Fourth, "[w]illful or bad faith conduct can be understood as intentional or self-serving behavior." Miller, 2013 U.S. Dist. LEXIS 71451, at *10. Although the record does not indicate bad faith, Ohai's silence in the face of numerous case management orders and the Court's order specifically directing her to explain her failure to prosecute is indicative of willful or intentional conduct. This factor favors dismissal, albeit modestly.

As to the fifth factor, there is no basis for the Court to conclude that sanctions short of dismissal would be feasible or effective, particularly in view of Ohai's pro se status. See Briscoe, 538 F.3d at 262-63 (noting that pro se status of litigant meant expenses of unjustified motion practice could not be imposed on attorney). Additionally, Ohai's failure to develop her case in any manner eliminates the prospect of sanctions such as the use of evidentiary inferences.

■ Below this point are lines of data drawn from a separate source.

text \<open>der S G Gam Del n: the sequent G; Gam => Del has a derivation of logical
  height at most n.  Logical rules (G3c rules and the N rules) increase the height
  by one; zero-premise rules have height 0; nonlogical rules do not count.\<close>

inductive der :: "sig \<Rightarrow> ctx \<Rightarrow> fm multiset \<Rightarrow> fm multiset \<Rightarrow> nat \<Rightarrow> bool" for S :: sig where
  Init: "is_atom P \<Longrightarrow> der S G (Gam + {#P#}) (Del + {#P#}) n"
| TopR: "der S G Gam (Del + {#Top#}) n"
| BotL: "der S G (Gam + {#Bot#}) Del n"
| AndL: "der S G (Gam + {#A, B#}) Del n \<Longrightarrow> der S G (Gam + {#And A B#}) Del (Suc n)"
| AndR: "der S G Gam (Del + {#A#}) n \<Longrightarrow> der S G Gam (Del + {#B#}) n
         \<Longrightarrow> der S G Gam (Del + {#And A B#}) (Suc n)"
| OrL: "der S G (Gam + {#A#}) Del n \<Longrightarrow> der S G (Gam + {#B#}) Del n
         \<Longrightarrow> der S G (Gam + {#Or A B#}) Del (Suc n)"
| OrR: "der S G Gam (Del + {#A, B#}) n \<Longrightarrow> der S G Gam (Del + {#Or A B#}) (Suc n)"
| ImpL: "der S G Gam (Del + {#A#}) n \<Longrightarrow> der S G (Gam + {#B#}) Del n
         \<Longrightarrow> der S G (Gam + {#Imp A B#}) Del (Suc n)"
| ImpR: "der S G (Gam + {#A#}) (Del + {#B#}) n \<Longrightarrow> der S G Gam (Del + {#Imp A B#}) (Suc n)"
| AllL: "has_ty S G t T \<Longrightarrow> der S G (Gam + {#All T A, openv 0 t A#}) Del n
         \<Longrightarrow> der S G (Gam + {#All T A#}) Del (Suc n)"
| AllR: "y \<notin> cvars G \<Longrightarrow> y \<notin> fv_ms Gam \<Longrightarrow> y \<notin> fv_ms Del \<Longrightarrow> y \<notin> fv_f A
         \<Longrightarrow> der S (G @ [CVar y T]) Gam (Del + {#openv 0 (FV y) A#}) n
         \<Longrightarrow> der S G Gam (Del + {#All T A#}) (Suc n)"
| ExL: "y \<notin> cvars G \<Longrightarrow> y \<notin> fv_ms Gam \<Longrightarrow> y \<notin> fv_ms Del \<Longrightarrow> y \<notin> fv_f A
         \<Longrightarrow> der S (G @ [CVar y T]) (Gam + {#openv 0 (FV y) A#}) Del n
         \<Longrightarrow> der S G (Gam + {#Ex T A#}) Del (Suc n)"
| ExR: "has_ty S G t T \<Longrightarrow> der S G Gam (Del + {#Ex T A, openv 0 t A#}) n
         \<Longrightarrow> der S G Gam (Del + {#Ex T A#}) (Suc n)"
| NR: "a \<notin> cnames G \<Longrightarrow> a \<notin> fn_ms Gam \<Longrightarrow> a \<notin> fn_ms Del \<Longrightarrow> a \<notin> fn_f A
         \<Longrightarrow> der S (G @ [CName a v]) Gam (Del + {#openn 0 a A#}) n
         \<Longrightarrow> der S G Gam (Del + {#New v A#}) (Suc n)"
| NL: "a \<notin> cnames G \<Longrightarrow> a \<notin> fn_ms Gam \<Longrightarrow> a \<notin> fn_ms Del \<Longrightarrow> a \<notin> fn_f A
         \<Longrightarrow> der S (G @ [CName a v]) (Gam + {#openn 0 a A#}) Del n
         \<Longrightarrow> der S G (Gam + {#New v A#}) Del (Suc n)"
| EqR: "has_ty S G t T \<Longrightarrow> der S G (Gam + {#Eq t t#}) Del n \<Longrightarrow> der S G Gam Del n"
| EqS: "is_atom P \<Longrightarrow> der S G (Gam + {#Eq t u, subst_at x t P, subst_at x u P#}) Del n
         \<Longrightarrow> der S G (Gam + {#Eq t u, subst_at x t P#}) Del n"
| S1: "has_ty S G a (NTy v) \<Longrightarrow> has_ty S G x T
         \<Longrightarrow> der S G (Gam + {#Eq (Swp a a x) x#}) Del n \<Longrightarrow> der S G Gam Del n"
| S2: "has_ty S G a (NTy v) \<Longrightarrow> has_ty S G b (NTy v) \<Longrightarrow> has_ty S G x T
         \<Longrightarrow> der S G (Gam + {#Eq (Swp a b (Swp a b x)) x#}) Del n \<Longrightarrow> der S G Gam Del n"
| S3: "has_ty S G a (NTy v) \<Longrightarrow> has_ty S G b (NTy v)
         \<Longrightarrow> der S G (Gam + {#Eq (Swp a b a) b#}) Del n \<Longrightarrow> der S G Gam Del n"
| E1: "has_ty S G a (NTy v) \<Longrightarrow> has_ty S G b (NTy v)
         \<Longrightarrow> der S G (Gam + {#Eq (Swp a b (Cst c)) (Cst c)#}) Del n \<Longrightarrow> der S G Gam Del n"
| E2: "has_ty S G a (NTy v) \<Longrightarrow> has_ty S G b (NTy v) \<Longrightarrow> has_ty S G (Fn f ts) T
         \<Longrightarrow> der S G (Gam + {#Eq (Swp a b (Fn f ts)) (Fn f (map (Swp a b) ts))#}) Del n
         \<Longrightarrow> der S G Gam Del n"
| E2_swap: "has_ty S G a (NTy v) \<Longrightarrow> has_ty S G b (NTy v) \<Longrightarrow> has_ty S G (Swp c d t) T
         \<Longrightarrow> der S G (Gam + {#Eq (Swp a b (Swp c d t)) (Swp (Swp a b c) (Swp a b d) (Swp a b t))#}) Del n
         \<Longrightarrow> der S G Gam Del n"
| E2_abs: "has_ty S G a (NTy v) \<Longrightarrow> has_ty S G b (NTy v) \<Longrightarrow> has_ty S G (Abst c t) T
         \<Longrightarrow> der S G (Gam + {#Eq (Swp a b (Abst c t)) (Abst (Swp a b c) (Swp a b t))#}) Del n
         \<Longrightarrow> der S G Gam Del n"
| E3: "is_atom P \<Longrightarrow> wf_fm S G P \<Longrightarrow> has_ty S G a (NTy v) \<Longrightarrow> has_ty S G b (NTy v)
         \<Longrightarrow> der S G (Gam + {#P, fswap a b P#}) Del n \<Longrightarrow> der S G (Gam + {#P#}) Del n"
| F1: "has_ty S G a (NTy v) \<Longrightarrow> has_ty S G b (NTy v) \<Longrightarrow> has_ty S G x T
         \<Longrightarrow> der S G (Gam + {#Fr a x, Fr b x, Eq (Swp a b x) x#}) Del n
         \<Longrightarrow> der S G (Gam + {#Fr a x, Fr b x#}) Del n"
| F2: "has_ty S G a (NTy v) \<Longrightarrow> has_ty S G b (NTy w) \<Longrightarrow> v \<noteq> w
         \<Longrightarrow> der S G (Gam + {#Fr a b#}) Del n \<Longrightarrow> der S G Gam Del n"
| F3: "has_ty S G a (NTy v) \<Longrightarrow> der S G (Gam + {#Fr a a#}) Del n"
| F4: "has_ty S G a (NTy v) \<Longrightarrow> has_ty S G b (NTy v)
         \<Longrightarrow> der S G (Gam + {#Fr a b#}) Del n \<Longrightarrow> der S G (Gam + {#Eq a b#}) Del n
         \<Longrightarrow> der S G Gam Del n"
| A1: "has_ty S G a (NTy v) \<Longrightarrow> has_ty S G b (NTy v) \<Longrightarrow> has_ty S G x T \<Longrightarrow> has_ty S G y T
         \<Longrightarrow> der S G (Gam + {#Fr a y, Eq x (Swp a b y), Eq (Abst a x) (Abst b y)#}) Del n
         \<Longrightarrow> der S G (Gam + {#Fr a y, Eq x (Swp a b y)#}) Del n"
| A2: "der S G (Gam + {#Eq (Abst a t) (Abst b u), Eq a b, Eq t u#}) Del n
         \<Longrightarrow> der S G (Gam + {#Eq (Abst a t) (Abst b u), Fr a u, Eq t (Swp a b u)#}) Del n
         \<Longrightarrow> der S G (Gam + {#Eq (Abst a t) (Abst b u)#}) Del n"
| A3: "has_ty S G t (ATy v T) \<Longrightarrow> a \<notin> cvars G \<Longrightarrow> x \<notin> cvars G \<Longrightarrow> a \<noteq> x
         \<Longrightarrow> a \<notin> fv_ms Gam \<union> fv_ms Del \<Longrightarrow> x \<notin> fv_ms Gam \<union> fv_ms Del
         \<Longrightarrow> der S (G @ [CVar a (NTy v), CVar x T]) (Gam + {#Eq t (Abst (FV a) (FV x))#}) Del n
         \<Longrightarrow> der S G Gam Del n"
| F: "a \<notin> cnames G \<Longrightarrow> a \<notin> fn_ms Gam \<Longrightarrow> a \<notin> fn_ms Del
         \<Longrightarrow> der S (G @ [CName a v]) Gam Del n \<Longrightarrow> der S G Gam Del n"
| CtxFresh: "Fr (NS a) t \<in> ctx_fresh S G \<Longrightarrow> der S G (Gam + {#Fr (NS a) t#}) Del n
         \<Longrightarrow> der S G Gam Del n"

See Stover v. Eckenrode, 2005 U.S. Dist. LEXIS 32586, at *17 (E.D. Pa. Dec. 13, 2005) ("[A]dmitting certain evidence against [p]laintiff at trial would not be an effective sanction because it is unclear from the [c]omplaint what evidence [p]laintiff might seek to introduce."). No sanction short of dismissal would "mitigat[e] the prejudice caused by [the] dilatory behavior or delinquency" here. Hildebrand, 923 F.3d at 136.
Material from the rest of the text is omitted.